PLのここまで振り返れば、シティが盛大にコケたおかげで、今シーズンは近年にないオープンなタイトル争いになっていただろう。リヴァプールはたしかに強いし結果も出しているが、2位のアーセナルがここまでタイトルをあきらめなかったくらいには、完璧ではなかった。
こういうシーズンは多くないのだから、アーセナルは今年こそはそのチャンスを活かすべきだった。
この試合のあと、イアン・ライトがサリバの移籍が心配だと云っていた。いやなことを云うなあ。もちろん、彼はスペインではレアル・マドリッドの夏のトップターゲットだと噂され、若くしてあれだけの活躍をしていれば、実際オファーがあってもおかしくないと思う。彼は、現在アーセナルが契約更新したいひとりながら、こういうシーズンがつづけば選手もクラブを疑いはじめるだろうし、そうなればトッププレイヤーをとどめておくのが難しくなっていく。

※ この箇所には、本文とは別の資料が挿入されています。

lemma symmetric_pair_conjugation:
  "symmetric_pair x y \<Longrightarrow> symmetric_pair (conjugation u y) (conjugation u x)"
  by (simp add: symmetric_pair_def l2_inner_conjugation[OF unimodular] flip: commutes_conjugation)

lemma symmetric_pair_real: "conjugation u h = h \<Longrightarrow> symmetric_pair h h"
  using l2_inner_conjugation[OF unimodular, of h "T h"]
  by (simp add: symmetric_pair_def commutes_conjugation)

definition real_symmetric_domain :: "(nat \<Rightarrow> complex) set \<Rightarrow> bool" where
  "real_symmetric_domain D \<longleftrightarrow> D0 \<subseteq> D \<and> D \<subseteq> dom_max
     \<and> (\<forall>x\<in>D. \<forall>y\<in>D. \<forall>c. (\<lambda>n. x n + c * y n) \<in> D)
     \<and> (\<forall>x\<in>D. conjugation u x \<in> D)
     \<and> (\<forall>x\<in>D. \<forall>y\<in>D. symmetric_pair x y)"

lemma real_symmetric_domain_D0: "real_symmetric_domain D0"
  using D0_lincomb[of _ _ 1] D0_subset_dom_max conjugation_D0[OF unimodular] symmetric_pair_D0
  by (auto simp: real_symmetric_domain_def)

lemma real_symmetric_domain_chain_Union:
  assumes "C \<noteq> {}" and chain: "subset.chain (Collect real_symmetric_domain) C"
  shows "real_symmetric_domain (\<Union>C)"
proof -
  have common: "\<exists>Z\<in>C. x \<in> Z \<and> y \<in> Z" if "x \<in> \<Union>C" "y \<in> \<Union>C" for x y
    using that chain unfolding subset_chain_def by blast
  have D0: "\<And>Z. Z \<in> C \<Longrightarrow> D0 \<subseteq> Z" and dom: "\<And>Z. Z \<in> C \<Longrightarrow> Z \<subseteq> dom_max"
    and conj: "\<And>Z. Z \<in> C \<Longrightarrow> \<forall>x\<in>Z. conjugation u x \<in> Z"
    and lincomb: "\<And>Z. Z \<in> C \<Longrightarrow> \<forall>x\<in>Z. \<forall>y\<in>Z. \<forall>c. (\<lambda>n. x n + c * y n) \<in> Z"
    and symmetric: "\<And>Z. Z \<in> C \<Longrightarrow> \<forall>x\<in>Z. \<forall>y\<in>Z. symmetric_pair x y"
    using chain by (auto simp: subset_chain_def real_symmetric_domain_def subset_eq)
  have "D0 \<subseteq> \<Union>C" "\<Union>C \<subseteq> dom_max" "\<forall>x\<in>\<Union>C. conjugation u x \<in> \<Union>C"
    using \<open>C \<noteq> {}\<close> D0 dom conj by blast+
  moreover have "(\<lambda>n. x n + c * y n) \<in> \<Union>C" "symmetric_pair x y"
    if "x \<in> \<Union>C" "y \<in> \<Union>C" for x y c
    using common[OF that] lincomb symmetric by blast+
  ultimately show ?thesis by (simp add: real_symmetric_domain_def)
qed

lemma maximal_real_symmetric_domain_exists:
  "\<exists>D. real_symmetric_domain D \<and> (\<forall>D'. real_symmetric_domain D' \<longrightarrow> D \<subseteq> D' \<longrightarrow> D' = D)"
  using subset_Zorn_nonempty[of "Collect real_symmetric_domain"]
    real_symmetric_domain_D0 real_symmetric_domain_chain_Union
  by blast

lemma real_symmetric_domain_extend:
  assumes D: "real_symmetric_domain D" and h: "h \<in> dom_max" "conjugation u h = h"
    and symmetric: "\<forall>x\<in>D. symmetric_pair x h"
  shows "real_symmetric_domain {\<lambda>n. x n + c * h n | x c. x \<in> D}" (is "real_symmetric_domain ?D'")
proof -
  have D_dom: "D \<subseteq> dom_max" and D_conj: "\<And>x. x \<in> D \<Longrightarrow> conjugation u x \<in> D"
    and D_lincomb: "\<And>x y c. x \<in> D \<Longrightarrow> y \<in> D \<Longrightarrow> (\<lambda>n. x n + c * y n) \<in> D"
    and D_symmetric: "\<And>x y. x \<in> D \<Longrightarrow> y \<in> D \<Longrightarrow> symmetric_pair x y"
    using D by (auto simp: real_symmetric_domain_def)
  have extended: "(\<lambda>n. x n + c * h n) \<in> ?D'" if "x \<in> D" for x c
    using that by blast
  have "D0 \<subseteq> ?D'"
    using extended[of _ 0] D by (auto simp: real_symmetric_domain_def)
  moreover have "?D' \<subseteq> dom_max"
    using D_dom dom_max_lincomb[OF _ h(1), of _ 1] by auto
  moreover have "(\<lambda>n. w n + e * v n) \<in> ?D'" if w: "w \<in> ?D'" and v: "v \<in> ?D'" for w v e
  proof -
    obtain x c y d where "x \<in> D" "y \<in> D" "w = (\<lambda>n. x n + c * h n)" "v = (\<lambda>n. y n + d * h n)"
      using w v by blast
    moreover have "(\<lambda>n. w n + e * v n) = (\<lambda>n. (\<lambda>n. x n + e * y n) n + (c + e * d) * h n)"
      using calculation by (simp add: fun_eq_iff algebra_simps)
    ultimately show ?thesis using extended D_lincomb by presburger
  qed
  moreover have "conjugation u w \<in> ?D'" if w: "w \<in> ?D'" for w
  proof -
    obtain x c where "x \<in> D" "w = (\<lambda>n. x n + c * h n)" using w by blast
    moreover have "conjugation u (\<lambda>n. x n + c * h n) = (\<lambda>n. conjugation u x n + cnj c * h n)"
      using conjugation_lincomb[of u 1 x c h] h(2) by simp
    ultimately show ?thesis using extended D_conj by presburger
  qed
  moreover have "symmetric_pair w v" if w: "w \<in> ?D'" and v: "v \<in> ?D'" for w v
  proof -
    obtain x c y d where "x \<in> D" "y \<in> D" and wv: "w = (\<lambda>n. x n + c * h n)" "v = (\<lambda>n. y n + d * h n)"
      using w v by blast
    then have dom: "x \<in> dom_max" "y \<in> dom_max" "v \<in> dom_max"
      using D_dom dom_max_lincomb[OF _ h(1), of y 1 d] by auto
    have "symmetric_pair h y"
      using symmetric_pair_commute symmetric \<open>y \<in> D\<close> h(1) dom by blast
    then have "symmetric_pair h v" "symmetric_pair x v"
      using symmetric_pair_lincomb_right[OF dom(2) h(1), of _ 1 d] symmetric_pair_real[OF h(2)]
        D_symmetric symmetric \<open>x \<in> D\<close> \<open>y \<in> D\<close> dom h(1) wv(2)
      by simp_all
    then show ?thesis
      using symmetric_pair_lincomb_left[OF dom(1) h(1) dom(3), of 1 c] wv(1) by simp
  qed
  ultimately show ?thesis by (simp add: real_symmetric_domain_def)
qed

ほかの選手も同じだ。アーセナルと特別な絆でもないかぎり、彼らはより魅力的なオファーに耳を傾けることになる。
ぼくは、サリバやその他の選手たちについて、アーセナルで目標達成するまではクラブに残ってくれるものだと信じているが、こうした試合やシーズンが繰り返されると、ほんとうに大丈夫か心配になってくる。
この試合は、じつにショッキングだった。いろいろな意味で。
PLが実質終わったいま、アーセナルファンとしてこのあとの楽しみはなんだろう。やはりCLか。先日のドロウでは、ファイナルまでにレアル、リヴァプールと対戦する可能性が高く、こちらもそうとうにタフだ。
でも、ちょっとだけ楽観できるのは、アーセナルは守ろうとするチームが相手でなければ、いまだに強いのだよね。ビッグ6にしばらく敗けていないのがその証拠だ。黙っていても攻撃してくれる相手なら、また違う試合になる。
そういう意味ではPSV。彼らは、ラスト16でアーセナルと対戦する自分たちがアンダードッグだとわかっているだろうし、いまのアーセナルに結果を出しているニューカッスル(アーセナルに3連勝中)や今回のWHU(エミレーツで2連勝中)の戦いかたをしっかりと研究するはずだ。バック5のディープブロックと、ペネトレイション。それらの試合にはそうしたアーセナルが苦手とする要素がつまっている。
彼らにホーム/アウェイで勝ち抜けるのは、思っている以上に簡単じゃないかもしれない。
まだシーズンは終わっていない。当面の課題は、このハートブレイキングから立ち直ること。水曜のフォレストがわりと正念場になりそうな予感。